Which of the lines in the records below hold the string "assms"? Copy every one of them.

----------------

lemma lexmin_inc_subseq_nth_le:
  assumes Y_min: "lexmin_inc_subseq A b c k1 Y" and t: "t < k1"
  shows "Y ! t \<le> X ! t"
proof (rule ccontr)
  assume "\<not> Y ! t \<le> X ! t"
  then have ex: "\<exists>t. t < k1 \<and> X ! t < Y ! t" using t by auto
  define t0 where "t0 = (LEAST t. t < k1 \<and> X ! t < Y ! t)"
  define s where "s = (GREATEST s. s < k1 \<and> X ! s < Y ! s)"
  have t0: "t0 < k1" "X ! t0 < Y ! t0"
    using LeastI_ex[OF ex] unfolding t0_def by auto
  have before_t0: "Y ! r \<le> X ! r" if "r < t0" for r
  proof (rule ccontr)
    assume "\<not> Y ! r \<le> X ! r"
    then have "t0 \<le> r" unfolding t0_def using that t0(1) by (intro Least_le) simp
    then show False using that by simp
  qed
  have "s < k1 \<and> X ! s < Y ! s"
    unfolding s_def by (rule GreatestI_nat[where k = t0 and b = k1]) (use t0 in auto)
  moreover have "t0 \<le> s"
    unfolding s_def by (rule Greatest_le_nat[where b = k1]) (use t0 in auto)
  ultimately have s: "s < k1" "X ! s < Y ! s" "t0 \<le> s" by auto
  have after_s: "Y ! r \<le> X ! r" if "s < r" "r < k1" for r
  proof (rule ccontr)
    assume "\<not> Y ! r \<le> X ! r"
    then have "r \<le> s" unfolding s_def using that by (intro Greatest_le_nat[where b = k1]) auto
    then show False using that by simp
  qed
  define W where "W = take (Suc s) X @ drop (Suc s) Y"
  have W: "is_inc_subseq A b c W" "length W = k1" "W ! t0 = X ! t0"
    using crossing_swap[OF s(1,2)] after_s s k1_le_k2
    by (simp_all add: W_def length_X length_Y nth_append)
  define Z where "Z = take t0 Y @ drop t0 W"
  have "is_inc_subseq A b c Z"
  proof (cases t0)
    case 0
    then show ?thesis using W by (simp add: Z_def)
  next
    case (Suc r)
    have "r < k1" "t0 < k1" "t0 < k2" using Suc t0(1) k1_le_k2 by auto
    then have "inc_before A (X ! r) (X ! t0)" "inc_before A (Y ! r) (Y ! t0)" "Y ! r \<le> c"
      using is_inc_subseq_nth_less[OF X] is_inc_subseq_nth_less[OF Y] is_inc_subseq_nth(2)[OF Y]
      by (simp_all add: Suc length_X length_Y)
    moreover have "Y ! r \<le> X ! r" using before_t0 Suc by simp
    ultimately have "inc_before A (Y ! r) (W ! t0)"
      using crossing_values[OF t0] W(3) by (auto simp: inc_before_def)
    then show ?thesis
      unfolding Z_def Suc using \<open>r < k1\<close> \<open>Y ! r \<le> c\<close>
      by (intro is_inc_subseq_splice[OF Y W(1)]) (simp_all add: length_Y)
  qed
  moreover have "length Z = k1" "take t0 Z = take t0 Y" "Z ! t0 = X ! t0"
    using t0 W by (auto simp: Z_def length_Y nth_append)
  ultimately have "Y ! t0 \<le> X ! t0"
    using lexmin_inc_subseq_nth_le_common_prefix[OF Y_min] t0 by metis
  then show False using t0 by simp
qed

end

theorem lemma4:
  fixes A :: "real list" and k1 k2 m i b c q' d :: nat and Y X' :: "nat list"
  assumes "distinct A"
    and "0 < k1" and "k1 < k2"
    and "cover_start A k1 k2 m = Some i"
    and "cover_step A k1 k2 i = Some (b, c)"
    and "cover_step A k1 k2 b = Some (q', d)"
    and "lexmin_inc_subseq A b c k1 Y"
    and "lexmin_inc_subseq A b d k2 X'"
  shows "\<forall>t < k1. Y ! t \<le> X' ! t"
proof -
  have LIS_b_c: "LIS A b c = k1"
    using LIS_cover_step_suffix assms(2,3,5) by simp
  have LIS_b_d: "LIS A b d = k2"
    using LIS_cover_step_prefix assms(2,3,6) by simp
  have Y: "is_inc_subseq A b c Y" "length Y = k1"
    and X': "is_inc_subseq A b d X'" "length X' = k2"
    using assms(7,8) by (auto simp: lexmin_inc_subseq_def)
  have "c \<le> d"
  proof (rule ccontr)
    assume "\<not> c \<le> d"
    then have "LIS A b d \<le> LIS A b c"
      using Y(1) by (intro LIS_mono) (auto simp: is_inc_subseq_def)
    then show False using LIS_b_c LIS_b_d assms(3) by simp
  qed
  then show ?thesis
    using lexmin_inc_subseq_nth_le[OF assms(1) _ _ _ _ Y X' assms(7)]
      LIS_b_c LIS_b_d assms(3) by simp
qed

----------------

## REPLY TO THE TASK
    using LIS_cover_step_suffix assms(2,3,5) by simp
    using LIS_cover_step_prefix assms(2,3,6) by simp
    using assms(7,8) by (auto simp: lexmin_inc_subseq_def)
    then show False using LIS_b_c LIS_b_d assms(3) by simp
    using lexmin_inc_subseq_nth_le[OF assms(1) _ _ _ _ Y X' assms(7)]
      LIS_b_c LIS_b_d assms(3) by simp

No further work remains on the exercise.